(Saved entries)
*** Block opens ***
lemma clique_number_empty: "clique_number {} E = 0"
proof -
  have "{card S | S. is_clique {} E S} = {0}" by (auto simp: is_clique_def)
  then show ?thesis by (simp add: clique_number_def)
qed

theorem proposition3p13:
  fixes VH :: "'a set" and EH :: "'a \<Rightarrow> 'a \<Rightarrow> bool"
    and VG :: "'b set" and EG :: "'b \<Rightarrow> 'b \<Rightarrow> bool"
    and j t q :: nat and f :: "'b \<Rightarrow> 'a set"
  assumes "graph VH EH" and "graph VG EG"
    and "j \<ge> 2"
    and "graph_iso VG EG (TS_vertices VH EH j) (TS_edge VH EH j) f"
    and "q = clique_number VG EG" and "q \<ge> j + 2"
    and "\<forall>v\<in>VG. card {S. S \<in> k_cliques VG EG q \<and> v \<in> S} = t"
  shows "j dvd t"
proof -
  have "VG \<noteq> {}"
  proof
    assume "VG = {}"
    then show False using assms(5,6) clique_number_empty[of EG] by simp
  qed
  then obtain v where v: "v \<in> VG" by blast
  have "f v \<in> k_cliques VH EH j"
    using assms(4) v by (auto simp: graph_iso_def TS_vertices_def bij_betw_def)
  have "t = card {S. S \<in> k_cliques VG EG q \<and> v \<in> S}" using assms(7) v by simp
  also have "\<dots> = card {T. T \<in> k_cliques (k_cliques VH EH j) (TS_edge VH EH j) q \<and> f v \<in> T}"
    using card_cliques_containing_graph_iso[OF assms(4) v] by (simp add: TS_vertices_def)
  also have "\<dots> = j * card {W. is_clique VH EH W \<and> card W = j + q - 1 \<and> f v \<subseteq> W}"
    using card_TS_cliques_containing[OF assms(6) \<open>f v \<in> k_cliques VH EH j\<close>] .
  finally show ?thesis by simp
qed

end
*** Block closes ***
*** Block opens ***
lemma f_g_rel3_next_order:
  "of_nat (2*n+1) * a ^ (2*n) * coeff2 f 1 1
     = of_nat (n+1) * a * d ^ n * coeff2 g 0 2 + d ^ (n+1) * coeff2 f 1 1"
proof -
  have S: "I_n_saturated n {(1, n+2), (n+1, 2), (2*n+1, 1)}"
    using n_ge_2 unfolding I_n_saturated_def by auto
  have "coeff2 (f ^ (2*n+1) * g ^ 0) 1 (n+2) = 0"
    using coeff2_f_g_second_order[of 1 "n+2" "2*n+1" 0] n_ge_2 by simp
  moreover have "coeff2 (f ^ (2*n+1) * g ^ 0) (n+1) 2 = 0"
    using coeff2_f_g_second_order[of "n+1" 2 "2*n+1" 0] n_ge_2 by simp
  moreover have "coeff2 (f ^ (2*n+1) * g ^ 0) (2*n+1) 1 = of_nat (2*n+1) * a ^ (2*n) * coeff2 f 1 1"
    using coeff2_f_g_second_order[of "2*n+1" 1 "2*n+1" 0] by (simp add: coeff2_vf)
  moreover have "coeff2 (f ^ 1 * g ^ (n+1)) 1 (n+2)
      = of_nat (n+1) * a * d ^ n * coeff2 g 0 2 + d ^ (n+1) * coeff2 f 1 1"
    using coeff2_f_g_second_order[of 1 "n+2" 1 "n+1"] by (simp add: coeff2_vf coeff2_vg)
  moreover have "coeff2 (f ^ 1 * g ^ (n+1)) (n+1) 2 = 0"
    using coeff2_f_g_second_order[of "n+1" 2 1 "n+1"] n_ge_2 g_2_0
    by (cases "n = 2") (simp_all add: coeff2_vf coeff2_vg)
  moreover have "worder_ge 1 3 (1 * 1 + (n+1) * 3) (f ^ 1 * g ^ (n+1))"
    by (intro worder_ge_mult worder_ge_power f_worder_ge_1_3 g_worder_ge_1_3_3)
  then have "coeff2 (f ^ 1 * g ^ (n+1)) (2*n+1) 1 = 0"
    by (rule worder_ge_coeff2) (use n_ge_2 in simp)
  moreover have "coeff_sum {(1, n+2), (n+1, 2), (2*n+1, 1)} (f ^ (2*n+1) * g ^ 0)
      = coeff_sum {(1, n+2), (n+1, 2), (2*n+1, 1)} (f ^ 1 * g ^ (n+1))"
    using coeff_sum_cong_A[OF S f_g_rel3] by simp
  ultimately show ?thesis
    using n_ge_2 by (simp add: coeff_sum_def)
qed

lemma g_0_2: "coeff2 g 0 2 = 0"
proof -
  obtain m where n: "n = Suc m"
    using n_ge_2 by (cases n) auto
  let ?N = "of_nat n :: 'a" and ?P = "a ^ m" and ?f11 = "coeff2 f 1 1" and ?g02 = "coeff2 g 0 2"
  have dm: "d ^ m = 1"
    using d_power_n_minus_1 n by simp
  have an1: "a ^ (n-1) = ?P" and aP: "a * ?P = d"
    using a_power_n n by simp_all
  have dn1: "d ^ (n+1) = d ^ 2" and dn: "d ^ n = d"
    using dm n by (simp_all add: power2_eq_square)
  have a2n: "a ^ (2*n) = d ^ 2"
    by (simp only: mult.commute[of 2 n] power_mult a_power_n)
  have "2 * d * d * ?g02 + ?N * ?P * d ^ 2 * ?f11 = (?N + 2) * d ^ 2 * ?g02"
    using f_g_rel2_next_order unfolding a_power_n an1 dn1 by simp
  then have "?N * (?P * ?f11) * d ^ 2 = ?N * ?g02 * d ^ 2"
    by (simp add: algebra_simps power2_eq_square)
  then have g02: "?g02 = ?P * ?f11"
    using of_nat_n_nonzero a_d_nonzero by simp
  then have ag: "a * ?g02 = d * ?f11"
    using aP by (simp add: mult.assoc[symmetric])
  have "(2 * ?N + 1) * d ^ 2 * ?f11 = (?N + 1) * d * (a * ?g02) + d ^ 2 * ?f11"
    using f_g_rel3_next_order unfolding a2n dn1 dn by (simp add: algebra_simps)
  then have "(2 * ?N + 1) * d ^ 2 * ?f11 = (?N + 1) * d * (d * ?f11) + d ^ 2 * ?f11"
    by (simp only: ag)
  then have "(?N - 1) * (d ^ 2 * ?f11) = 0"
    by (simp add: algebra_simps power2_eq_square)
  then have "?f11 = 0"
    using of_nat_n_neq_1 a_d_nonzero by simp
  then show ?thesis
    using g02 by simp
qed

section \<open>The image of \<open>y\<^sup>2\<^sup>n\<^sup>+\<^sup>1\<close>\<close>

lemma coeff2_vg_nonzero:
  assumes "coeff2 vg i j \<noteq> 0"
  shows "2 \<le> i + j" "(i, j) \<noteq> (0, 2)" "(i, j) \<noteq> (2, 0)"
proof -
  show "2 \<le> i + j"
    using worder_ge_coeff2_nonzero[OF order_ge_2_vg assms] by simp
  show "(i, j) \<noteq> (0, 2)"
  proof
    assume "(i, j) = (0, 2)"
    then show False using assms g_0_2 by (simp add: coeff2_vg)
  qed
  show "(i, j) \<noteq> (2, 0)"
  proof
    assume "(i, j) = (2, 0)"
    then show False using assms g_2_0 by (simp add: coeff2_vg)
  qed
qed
*** Block closes ***
*** Block opens ***
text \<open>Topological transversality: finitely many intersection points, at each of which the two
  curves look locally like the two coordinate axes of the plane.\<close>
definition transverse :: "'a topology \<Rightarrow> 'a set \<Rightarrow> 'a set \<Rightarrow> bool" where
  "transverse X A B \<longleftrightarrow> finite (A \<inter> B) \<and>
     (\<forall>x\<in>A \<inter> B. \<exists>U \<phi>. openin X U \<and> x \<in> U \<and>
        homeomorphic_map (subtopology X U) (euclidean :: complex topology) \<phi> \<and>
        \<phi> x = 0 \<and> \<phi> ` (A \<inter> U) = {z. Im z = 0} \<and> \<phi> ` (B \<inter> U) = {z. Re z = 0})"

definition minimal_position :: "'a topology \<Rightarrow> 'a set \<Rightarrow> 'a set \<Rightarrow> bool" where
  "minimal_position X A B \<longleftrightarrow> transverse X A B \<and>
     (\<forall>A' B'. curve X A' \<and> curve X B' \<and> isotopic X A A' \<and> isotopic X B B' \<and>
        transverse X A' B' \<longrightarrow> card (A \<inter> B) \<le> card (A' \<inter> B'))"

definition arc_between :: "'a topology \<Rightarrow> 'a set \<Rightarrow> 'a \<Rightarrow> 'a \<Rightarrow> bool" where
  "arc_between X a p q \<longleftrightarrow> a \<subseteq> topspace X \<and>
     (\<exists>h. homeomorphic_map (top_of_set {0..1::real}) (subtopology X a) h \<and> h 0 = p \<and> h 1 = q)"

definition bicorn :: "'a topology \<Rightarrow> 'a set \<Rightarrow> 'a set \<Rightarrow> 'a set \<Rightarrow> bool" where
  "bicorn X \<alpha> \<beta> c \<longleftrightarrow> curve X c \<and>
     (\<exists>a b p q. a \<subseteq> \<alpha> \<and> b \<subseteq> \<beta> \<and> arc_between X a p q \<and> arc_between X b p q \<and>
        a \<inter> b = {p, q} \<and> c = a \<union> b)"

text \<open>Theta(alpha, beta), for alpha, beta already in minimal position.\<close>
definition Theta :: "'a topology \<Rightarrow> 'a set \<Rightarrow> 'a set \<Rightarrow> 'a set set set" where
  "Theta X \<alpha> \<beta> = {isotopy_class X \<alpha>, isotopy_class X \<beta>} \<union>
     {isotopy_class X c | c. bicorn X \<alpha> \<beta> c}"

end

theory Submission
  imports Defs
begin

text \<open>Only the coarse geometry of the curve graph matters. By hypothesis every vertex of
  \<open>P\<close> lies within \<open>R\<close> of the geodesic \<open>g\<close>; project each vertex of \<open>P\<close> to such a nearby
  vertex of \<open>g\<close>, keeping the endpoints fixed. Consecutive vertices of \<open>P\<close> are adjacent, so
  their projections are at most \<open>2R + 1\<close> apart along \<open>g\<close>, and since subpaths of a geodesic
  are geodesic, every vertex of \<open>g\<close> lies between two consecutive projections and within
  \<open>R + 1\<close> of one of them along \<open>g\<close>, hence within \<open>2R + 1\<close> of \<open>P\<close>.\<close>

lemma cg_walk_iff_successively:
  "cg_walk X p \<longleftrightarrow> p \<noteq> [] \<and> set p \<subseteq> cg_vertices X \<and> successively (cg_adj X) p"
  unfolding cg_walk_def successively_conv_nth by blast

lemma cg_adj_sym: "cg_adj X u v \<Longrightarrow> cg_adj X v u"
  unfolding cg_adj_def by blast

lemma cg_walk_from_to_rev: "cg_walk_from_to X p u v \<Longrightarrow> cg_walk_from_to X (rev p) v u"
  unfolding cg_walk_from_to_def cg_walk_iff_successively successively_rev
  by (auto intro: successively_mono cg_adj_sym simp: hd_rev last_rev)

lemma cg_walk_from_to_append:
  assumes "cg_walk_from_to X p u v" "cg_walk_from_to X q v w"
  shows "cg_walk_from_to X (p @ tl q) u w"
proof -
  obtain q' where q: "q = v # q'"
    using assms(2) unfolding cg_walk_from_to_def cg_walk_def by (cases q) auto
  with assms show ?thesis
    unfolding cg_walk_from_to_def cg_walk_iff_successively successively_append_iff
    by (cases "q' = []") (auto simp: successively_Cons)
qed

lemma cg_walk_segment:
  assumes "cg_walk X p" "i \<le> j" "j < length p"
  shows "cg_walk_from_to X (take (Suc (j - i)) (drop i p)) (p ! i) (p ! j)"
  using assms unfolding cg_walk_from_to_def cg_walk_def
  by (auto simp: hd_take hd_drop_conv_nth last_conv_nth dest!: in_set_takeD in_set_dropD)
*** Block closes ***
#### Exercise
The required output is every line above from the one with "(\<exists>a b p" down to the one with "vertex of \<open>g\<close>, keeping", restated word for word, ends included.

#### Reply to the task
     (\<exists>a b p q. a \<subseteq> \<alpha> \<and> b \<subseteq> \<beta> \<and> arc_between X a p q \<and> arc_between X b p q \<and>
        a \<inter> b = {p, q} \<and> c = a \<union> b)"

text \<open>Theta(alpha, beta), for alpha, beta already in minimal position.\<close>
definition Theta :: "'a topology \<Rightarrow> 'a set \<Rightarrow> 'a set \<Rightarrow> 'a set set set" where
  "Theta X \<alpha> \<beta> = {isotopy_class X \<alpha>, isotopy_class X \<beta>} \<union>
     {isotopy_class X c | c. bicorn X \<alpha> \<beta> c}"

end

theory Submission
  imports Defs
begin

text \<open>Only the coarse geometry of the curve graph matters. By hypothesis every vertex of
  \<open>P\<close> lies within \<open>R\<close> of the geodesic \<open>g\<close>; project each vertex of \<open>P\<close> to such a nearby
  vertex of \<open>g\<close>, keeping the endpoints fixed. Consecutive vertices of \<open>P\<close> are adjacent, so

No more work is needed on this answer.